Go through the data and copy each line where the word "auto" shows up.
◆ ◆ ◆ ◆ ◆ ◆ ◆
definition orthonormal_seq :: "nat \<Rightarrow> (nat \<Rightarrow> complex^'n) \<Rightarrow> bool" where
  "orthonormal_seq K psi \<longleftrightarrow>
     (\<forall>j<K. \<forall>k<K. cinner (psi j) (psi k) = (if j = k then 1 else 0))"

lemma pairwise_orthogonal_independent:
  fixes S :: "(complex^'n) set"
  assumes "finite S" and "0 \<notin> S"
    and orth: "\<And>x y. x \<in> S \<Longrightarrow> y \<in> S \<Longrightarrow> x \<noteq> y \<Longrightarrow> cinner x y = 0"
  shows "vec.independent S"
  unfolding vec.independent_explicit
proof (intro conjI assms allI impI ballI)
  fix c y assume lin: "(\<Sum>v\<in>S. c v *s v) = 0" and y: "y \<in> S"
  have "0 = cinner (\<Sum>v\<in>S. c v *s v) y"
    using lin by simp
  also have "\<dots> = (\<Sum>v\<in>S. c v * cinner v y)"
    by (simp add: cinner_sum_left cinner_scale_left)
  also have "\<dots> = c y * cinner y y"
    by (subst sum.remove[OF assms(1) y]) (auto intro!: sum.neutral simp: orth y)
  finally show "c y = 0"
    using y \<open>0 \<notin> S\<close> by auto
qed

lemma orthonormal_seq_cinner_sum:
  assumes "orthonormal_seq K psi" and "k < K"
  shows "cinner (\<Sum>j<K. \<alpha> j *s psi j) (psi k) = \<alpha> k"
proof -
  have "cinner (\<Sum>j<K. \<alpha> j *s psi j) (psi k) = (\<Sum>j<K. \<alpha> j * (if j = k then 1 else 0))"
    using assms by (simp add: orthonormal_seq_def cinner_sum_left cinner_scale_left)
  also have "\<dots> = \<alpha> k"
    using \<open>k < K\<close> by (simp add: if_distrib cong: if_cong)
  finally show ?thesis .
qed

lemma orthonormal_seq_complete:
  fixes psi :: "nat \<Rightarrow> complex^'n"
  assumes K: "K = CARD('n)" and orth: "orthonormal_seq K psi"
    and v: "\<And>k. k < K \<Longrightarrow> cinner v (psi k) = 0"
  shows "v = 0"
proof (rule ccontr)
  assume "v \<noteq> 0"
  define S where "S = insert v (psi ` {..<K})"
  have "inj_on psi {..<K}"
    using orth by (intro inj_onI) (metis orthonormal_seq_def lessThan_iff one_neq_zero)
  moreover have "v \<notin> psi ` {..<K}"
    using v orth by (fastforce simp: orthonormal_seq_def)
  ultimately have "card S = K + 1"
    by (simp add: S_def card_image)
  moreover have "vec.independent S"
  proof (rule pairwise_orthogonal_independent)
    show "finite S"
      by (simp add: S_def)
    show "0 \<notin> S"
      using \<open>v \<noteq> 0\<close> orth by (force simp: S_def orthonormal_seq_def)
    show "cinner x y = 0" if "x \<in> S" "y \<in> S" "x \<noteq> y" for x y
      using that v orth by (auto simp: S_def orthonormal_seq_def cinner_commute[of v])
  qed
  then have "card S \<le> CARD('n)"
    using vec.independent_card_le_dim[OF order_refl] dim_subset_UNIV_cart_gen order_trans by blast
  ultimately show False
    using K by simp
qed

lemma orthonormal_seq_expansion:
  fixes psi :: "nat \<Rightarrow> complex^'n"
  assumes "K = CARD('n)" and orth: "orthonormal_seq K psi"
  shows "v = (\<Sum>k<K. cinner v (psi k) *s psi k)"
proof -
  have "v - (\<Sum>k<K. cinner v (psi k) *s psi k) = 0"
    by (rule orthonormal_seq_complete[OF assms])
      (simp add: cinner_diff_left orthonormal_seq_cinner_sum[OF orth])
  then show ?thesis
    by simp
qed

lemma orthonormal_seq_norm_sum:
  assumes orth: "orthonormal_seq K psi"
  shows "norm (\<Sum>k<K. \<alpha> k *s psi k) = sqrt (\<Sum>k<K. cmod (\<alpha> k) ^ 2)"
proof -
  let ?x = "\<Sum>k<K. \<alpha> k *s psi k"
  have "complex_of_real (norm ?x ^ 2) = (\<Sum>k<K. \<alpha> k * cinner (psi k) ?x)"
    unfolding cinner_self[symmetric] by (simp add: cinner_sum_left cinner_scale_left)
  also have "\<dots> = (\<Sum>k<K. complex_of_real (cmod (\<alpha> k) ^ 2))"
    using orth by (intro sum.cong) (simp_all add: cinner_commute[of "psi _"] orthonormal_seq_cinner_sum complex_norm_square[symmetric])
  finally have "norm ?x ^ 2 = (\<Sum>k<K. cmod (\<alpha> k) ^ 2)"
    by (simp only: of_real_sum[symmetric] of_real_eq_iff)
  then show ?thesis
    by (simp add: real_sqrt_unique)
qed

lemma cinner_opfun_eigenvector:
  assumes "orthonormal_seq K psi" and "k < K"
  shows "cinner (opfun g K lam psi v) (psi k) = complex_of_real (g (lam k)) * cinner v (psi k)"
  unfolding opfun_def using assms by (rule orthonormal_seq_cinner_sum)

lemma opfun_eqI:
  fixes psi :: "nat \<Rightarrow> complex^'n"
  assumes "K = CARD('n)" and "orthonormal_seq K psi"
    and coeff: "\<And>k. k < K \<Longrightarrow> cinner x (psi k) = complex_of_real (g (lam k)) * cinner v (psi k)"
  shows "x = opfun g K lam psi v"
proof -
  have "x = (\<Sum>k<K. cinner x (psi k) *s psi k)"
    using assms(1,2) by (rule orthonormal_seq_expansion)
  also have "\<dots> = opfun g K lam psi v"
    unfolding opfun_def by (intro sum.cong) (simp_all add: coeff)
  finally show ?thesis .
qed

lemma opfun_diff:
  "opfun g K lam psi v - opfun h K lam psi v = opfun (\<lambda>x. g x - h x) K lam psi v"
  by (simp add: opfun_def sum_subtractf vector_sub_rdistrib algebra_simps)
◆ ◆ ◆ ◆ ◆ ◆ ◆
• _Worked solution_:
    by (subst sum.remove[OF assms(1) y]) (auto intro!: sum.neutral simp: orth y)
    using y \<open>0 \<notin> S\<close> by auto
      using that v orth by (auto simp: S_def orthonormal_seq_def cinner_commute[of v])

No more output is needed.